Two critical components of growth? Employees and Business model.
That's why we hung out with Michael Litt on this episode of the GrowthTLDR, CEO and Co-founder of the awesome Vidyard.
Vidyard has grown to 200 employees and recently launched a freemium version of its product. We talk to Mike about:
- What the transition was like from founder to CEO and the things he had to fall in love with as a CEO.
- The scalable framework Vidyard uses to measure employees by performance and alignment to values, and how it helps the company as it grows.
- Why did Mike decide to bet Vidyards' future on product-led growth?
Happy Growing!
[3:30] - Mike talks us through his current lifestyle goals, staying within 2100 calories per day, and sleeping 8 hours a night.
[5:45] - Mike gives us the history of how he founded Vidyard. They've grown to 200 employees. Most of the headcount growth came in the past five years. They grew paid customers by 50% in 2019 alone.
[10:55] - Mike discovered as he transitioned from being a founder to CEO of a 200 person company, the skillsets needed to do those things are quite different. As a founder, you're often the person doing the thing, and fixing the problem. As a CEO, your job is to help the people you've hired to do those things and scale them.
[13:40] - As a CEO, you have to fall in love with all aspects of the role.
i. Mike talks about the importance of compensation. It's a tool in a CEO's toolbox to help his employees bring the best versions of themselves to work.
ii. Mike is naturally an introvert, and the role of CEO requires you to regularly speak with the company, get them passionate about the mission, be transparent about the challenges.
[16:50]- One of the things Mike feels was a massive benefit to Vidyard was building a framework to categorize how useful and beneficial someone is to the company. They run it bi-annually, and it plots everyone on a chart using their performance and value alignment.
- Performance: is based on the individual performance of their role.
- Value alignment: is how well they're exhibiting the values Vidyard wants to see from employees.
Mike gives an example of how he recently used the framework to retain an employee who had an offer from another company.
[22:45] - For people who are exhibiting values, but are underperforming, Mike sees that as a coaching opportunity.
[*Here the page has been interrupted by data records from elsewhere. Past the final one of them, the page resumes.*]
(* (1) The function $x\mapsto (2-x)K(x)-2E(x)$ is strictly increasing from $(0,1)$ onto $(0,+\infty)$. (2) For all $0<x<1$, $$(2-x)K(x)-2E(x)\ge \frac2\pi\big(E(x)^2-(1-x)K(x)^2\big).$$
   Context: $K(x)={\cal K}(\sqrt x)$ and $E(x)={\cal E}(\sqrt x)$ for $x\in[0,1)$, where ${\cal K}(r)=\int_0^{\pi/2}(1-r^2\sin^2t)^{-1/2}dt$ and ${\cal E}(r)=\int_0^{\pi/2}(1-r^2\sin^2t)^{1/2}dt$ are the complete elliptic integrals of the first and second kind. *)

theory Defs
  imports "HOL-Analysis.Analysis"
begin

text \<open>Complete elliptic integrals of the first and second kind, in the modulus r.\<close>
definition ellK :: "real \<Rightarrow> real" where
  "ellK r = integral {0..pi/2} (\<lambda>t. 1 / sqrt (1 - r\<^sup>2 * (sin t)\<^sup>2))"

definition ellE :: "real \<Rightarrow> real" where
  "ellE r = integral {0..pi/2} (\<lambda>t. sqrt (1 - r\<^sup>2 * (sin t)\<^sup>2))"

definition K :: "real \<Rightarrow> real" where
  "K x = ellK (sqrt x)"

definition E :: "real \<Rightarrow> real" where
  "E x = ellE (sqrt x)"

end

theory Submission
  imports Defs
begin

text \<open>Write \<open>\<Delta>(t) = sqrt (1 - x sin\<^sup>2 t)\<close> and, over \<open>[0, \<pi>/2]\<close>, \<open>P = \<integral> sin\<^sup>2/\<Delta>\<close>, \<open>Q = \<integral> cos\<^sup>2/\<Delta>\<close>.
Then \<open>K = P + Q\<close> and \<open>E = K - xP\<close>, and integrating the derivative of \<open>sin t cos t/\<Delta>\<close>
gives \<open>Q = 2(1 - x)K'\<close>. Consequently \<open>F = (2 - x)K - 2E\<close> has \<open>F' = xQ/(2(1 - x)) > 0\<close> and
\<open>G = E\<^sup>2 - (1 - x)K\<^sup>2\<close> has \<open>G' = xP\<^sup>2\<close>. Comparing \<open>\<Delta>\<close> with \<open>1\<close> and with \<open>sqrt (1 - x)\<close> gives
\<open>Q \<ge> \<pi>/4\<close> and \<open>sqrt (1 - x) P \<le> \<pi>/4\<close>, hence \<open>F' \<ge> (2/\<pi>) G'\<close>; as \<open>F(0) = G(0) = 0\<close>, this
yields the inequality. Surjectivity follows from \<open>F(0) = 0\<close>, continuity, and the logarithmic
blow-up \<open>K(c\<^sup>2) \<ge> -ln(1 - c)/2\<close>.\<close>

lemma fundamental_theorem_of_calculus_real:
  fixes F f :: "real \<Rightarrow> real"
  assumes "a \<le> b" "\<And>x. x \<in> {a..b} \<Longrightarrow> (F has_real_derivative f x) (at x)"
  shows "(f has_integral F b - F a) {a..b}"
  using assms by (intro fundamental_theorem_of_calculus)
    (auto simp: has_real_derivative_iff_has_vector_derivative[symmetric] has_field_derivative_at_within)

lemma parametric_integral_has_real_derivative:
  fixes f fx :: "real \<Rightarrow> real \<Rightarrow> real"
  assumes U: "open U" "convex U" "x \<in> U"
    and f: "\<And>x t. x \<in> U \<Longrightarrow> t \<in> {a..b} \<Longrightarrow> ((\<lambda>x. f x t) has_real_derivative fx x t) (at x)"
    and cont_f: "\<And>x. x \<in> U \<Longrightarrow> continuous_on {a..b} (f x)"
    and cont_fx: "continuous_on (U \<times> {a..b}) (\<lambda>(x, t). fx x t)"
  shows "((\<lambda>x. integral {a..b} (f x)) has_real_derivative integral {a..b} (fx x)) (at x)"
proof -
  have "((\<lambda>x. integral (cbox a b) (f x)) has_real_derivative integral (cbox a b) (fx x)) (at x within U)"
    using U f cont_f cont_fx
    by (intro leibniz_rule_field_derivative)
      (auto intro: has_field_derivative_at_within integrable_continuous_interval)
  then show ?thesis
    using at_within_open[OF U(3,1)] by simp
qed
For people who are over-performing, but disrupting values, Mike would see that as an opportunity to remove them from the business.
[24:50] - We debate if there is any point that a person could perform to that you'd be willing to put up with them disrupting company values.
[26:20] - A CEO's job is to plan long-term. Mike is thinking about Vidyard in 2026. When looking long-term, it's better to protect company values, regardless of a person's performance. Someone with high performance, but who is disrupting company values, could have a lot of short-term impacts, but cause long-term problems.
[29:00] - Mike talks about how he scaled Vidyard initially via outbound prospecting. He thinks you can scale a B2B business to 9M in ARR just doing that alone. After that, you need to find some unfair advantage to grow. Vidyards came in the form of an integration with Eloqua. Mike talks about how his next wave of growth is going to by adopting a product-led approach.
[34:40] - Mike talks about how Vidyards business has changed as a result of launching a freemium version of their product. They've started to see examples of a new sales motion where employees start adopting their product and then make a case to their manager for the paid version.
[40:00] - The decision to launch a free version of your product is a tough one. Mike walks us through how he made that decision at Vidyard. They first tested freemium by launching a free chrome extension. That experience helped them to have more conviction that free would be their next chapter of growth, and the unfair advantage they would have vs. competitors.